With respect to the Union's "past practice" argument, the Agency asserts that this contention was raised for the first time in the Union's exceptions and, as such, should be dismissed. Moreover, the Agency alleges that even if not dismissed on these grounds, the Arbitrator made a factual finding that no "understanding" existed [ v55 p633 ] between the parties eliminating the lunch period. Id. at 4-5. The Agency contends that this exception is mere disagreement with the factual determinations and reasoning of the Arbitrator. Id. at 5.
Finally, as to the Union's argument that the Arbitrator's award is inconsistent with the FLSA, the Agency reiterates that the Arbitrator's factual findings are consistent with the FLSA in that the grievants were not required to remain on the premises during lunch; they were "duty free"; and the 8½ hour workday does not require them to work during their lunch break. Id. at 9. Accordingly, the Agency maintains this ruling is compatible with 5 C.F.R. § 551.411(c), which states that bona fide meal periods shall not be considered work. Id. at 9-10. Ultimately, the Agency contends, this exception, too, is merely a factual determination by the Arbitrator with which the Union disagrees. Id. at 10.
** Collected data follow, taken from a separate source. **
(* Let $\Lambda$ be a lattice and let $\bar a=(a_1,\ldots,a_t)\in(\mathcal F^0(\Lambda,\bar K))^t$. For any two sublattices $\Lambda_1,\Lambda_2\subseteq\Lambda$ of finite index, $$\mathrm{CharPoly}_{\bar a,\Lambda_1+\Lambda_2}\ \Big|\ \gcd\big(\mathrm{CharPoly}_{\bar a,\Lambda_1},\,\mathrm{CharPoly}_{\bar a,\Lambda_2}\big)$$ and $$\mathrm{lcm}\big(\mathrm{CharPoly}_{\bar a,\Lambda_1},\,\mathrm{CharPoly}_{\bar a,\Lambda_2}\big)\ \Big|\ \mathrm{CharPoly}_{\bar a,\Lambda_1\cap\Lambda_2}.$$ Consequently, $\mathrm{CharPoly}_{\bar a,\Lambda_2}$ divides $\mathrm{CharPoly}_{\bar a,\Lambda_1}$ whenever $\Lambda_1\subseteq\Lambda_2$.
   Context: Let $p$ be a prime, $K=\mathrm{GF}(p^r)$, and $\bar K$ an algebraic closure of $K$. A lattice is a free abelian group of finite rank. For an abelian group $G$ and a field $F$, $\mathcal F(G,F)$ denotes the space of all functions $G\to F$ and $\mathcal F^0(G,F)$ the subspace of finitely supported functions. For $f\in\mathcal F(G,F)$ and $a\in\mathcal F^0(G,F)$ the convolution is $(f*a)(g)=\sum_{h\in G}f(h)a(g-h)$, and $\Delta_a$ is the operator $f\mapsto f*a$. For a sublattice $\Lambda'\subseteq\Lambda$ of finite index, $\mathcal F_{\Lambda'}(\Lambda,\bar K)=\{f:\Lambda\to\bar K\,:\,f(v+w)=f(v)\ \forall v\in\Lambda,w\in\Lambda'\}$; it is finite dimensional and preserved by every $\Delta_a$. For $\bar a=(a_1,\ldots,a_t)$, $\mathrm{CharPoly}_{\bar a,\Lambda'}\in\bar K[x]$ is the monic greatest common divisor of the (monic) characteristic polynomials of the restrictions $\Delta_{a_j}|_{\mathcal F_{\Lambda'}(\Lambda,\bar K)}$, $j=1,\ldots,t$. *)

theory Defs
  imports "Jordan_Normal_Form.Char_Poly" "HOL-Library.Function_Algebras"
    "HOL-Computational_Algebra.Polynomial_Factorial"
begin

text \<open>The field Kbar: an algebraic closure of GF(p^r) (equivalently of GF(p)).\<close>
definition is_alg_closure_of_GFp :: "nat \<Rightarrow> 'k::field itself \<Rightarrow> bool" where
  "is_alg_closure_of_GFp p _ \<longleftrightarrow>
     CHAR('k) = p \<and>
     (\<forall>q::'k poly. degree q \<ge> 1 \<longrightarrow> (\<exists>x. poly q x = 0)) \<and>
     (\<forall>x::'k. \<exists>q::'k poly. q \<noteq> 0 \<and> (\<forall>i. coeff q i \<in> range of_nat) \<and> poly q x = 0)"

text \<open>Lattices: the ambient lattice is Z^n, modelled as 'n => int with 'n finite.
  A sublattice of finite index is a subgroup with finitely many cosets.\<close>
definition is_subgroup :: "'g::ab_group_add set \<Rightarrow> bool" where
  "is_subgroup L \<longleftrightarrow> 0 \<in> L \<and> (\<forall>x\<in>L. \<forall>y\<in>L. x + y \<in> L) \<and> (\<forall>x\<in>L. - x \<in> L)"

definition finite_index_sublattice :: "'g::ab_group_add set \<Rightarrow> bool" where
  "finite_index_sublattice L \<longleftrightarrow> is_subgroup L \<and> finite ((\<lambda>v. (\<lambda>w. v + w) ` L) ` UNIV)"

definition set_plus_grp :: "'g::ab_group_add set \<Rightarrow> 'g set \<Rightarrow> 'g set" where
  "set_plus_grp A B = {x + y | x y. x \<in> A \<and> y \<in> B}"
lemma UstarF_small_subset_indep:
  assumes "mflat E indep F" "Y \<subseteq> UstarF E indep F" "card Y \<le> mrank indep F"
  shows "indep Y"
proof (rule ccontr)
  let ?K = "int (mrank indep F) - 1" and ?U = "UstarF E indep F"
  assume "\<not> indep Y"
  moreover have YE: "Y \<subseteq> E"
    using assms(2) UstarF_spans(1)[OF assms(1)] by blast
  ultimately obtain y where y: "y \<in> Y" "y \<in> mcl E indep (Y - {y})"
    using dependent_imp_mem_mcl_remove[OF M] by blast
  have "finite Y"
    using YE finite_ground[OF M] finite_subset by blast
  then have "card (Y - {y}) < card Y"
    using y(1) by (rule card_Diff1_less)
  then have "int (card (Y - {y})) \<le> ?K"
    using assms(3) by linarith
  moreover have "Y - {y} \<subseteq> clk E indep ?K (?U - {y})"
    using clk_superset[of "?U - {y}" E indep ?K] assms(2) by blast
  ultimately have "mcl E indep (Y - {y}) \<subseteq> clk E indep ?K (?U - {y})"
    by (intro mcl_subset_clk)
  then have "y \<in> clk E indep ?K (?U - {y})"
    using y(2) by blast
  then show False
    using UstarF_irredundant[OF assms(1)] y(1) assms(2) by blast
qed

lemma UstarF_inter_mcl_subset:
  assumes "mflat E indep F" "Y \<subseteq> UstarF E indep F" "card Y < mrank indep F"
  shows "UstarF E indep F \<inter> mcl E indep Y \<subseteq> Y"
proof
  let ?K = "int (mrank indep F) - 1" and ?U = "UstarF E indep F"
  fix e
  assume e: "e \<in> ?U \<inter> mcl E indep Y"
  show "e \<in> Y"
  proof (rule ccontr)
    assume "e \<notin> Y"
    then have "Y \<subseteq> clk E indep ?K (?U - {e})"
      using clk_superset[of "?U - {e}" E indep ?K] assms(2) by blast
    moreover have "int (card Y) \<le> ?K"
      using assms(3) by linarith
    ultimately have "mcl E indep Y \<subseteq> clk E indep ?K (?U - {e})"
      by (rule mcl_subset_clk)
    then show False
      using UstarF_irredundant[OF assms(1)] e by blast
  qed
qed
IV. Analysis and Conclusions
A. The Arbitrator did not Exceed his Authority
An arbitrator exceeds his or her authority when the arbitrator fails to resolve an issue submitted to arbitration, resolves an issue not submitted to arbitration, disregards specific limitations on his or her authority, or awards relief to persons who are not encompassed within the grievance. United States Small Business Administration and American Federation of Government Employees, Local 2951, 55 FLRA 179, 183 (1999).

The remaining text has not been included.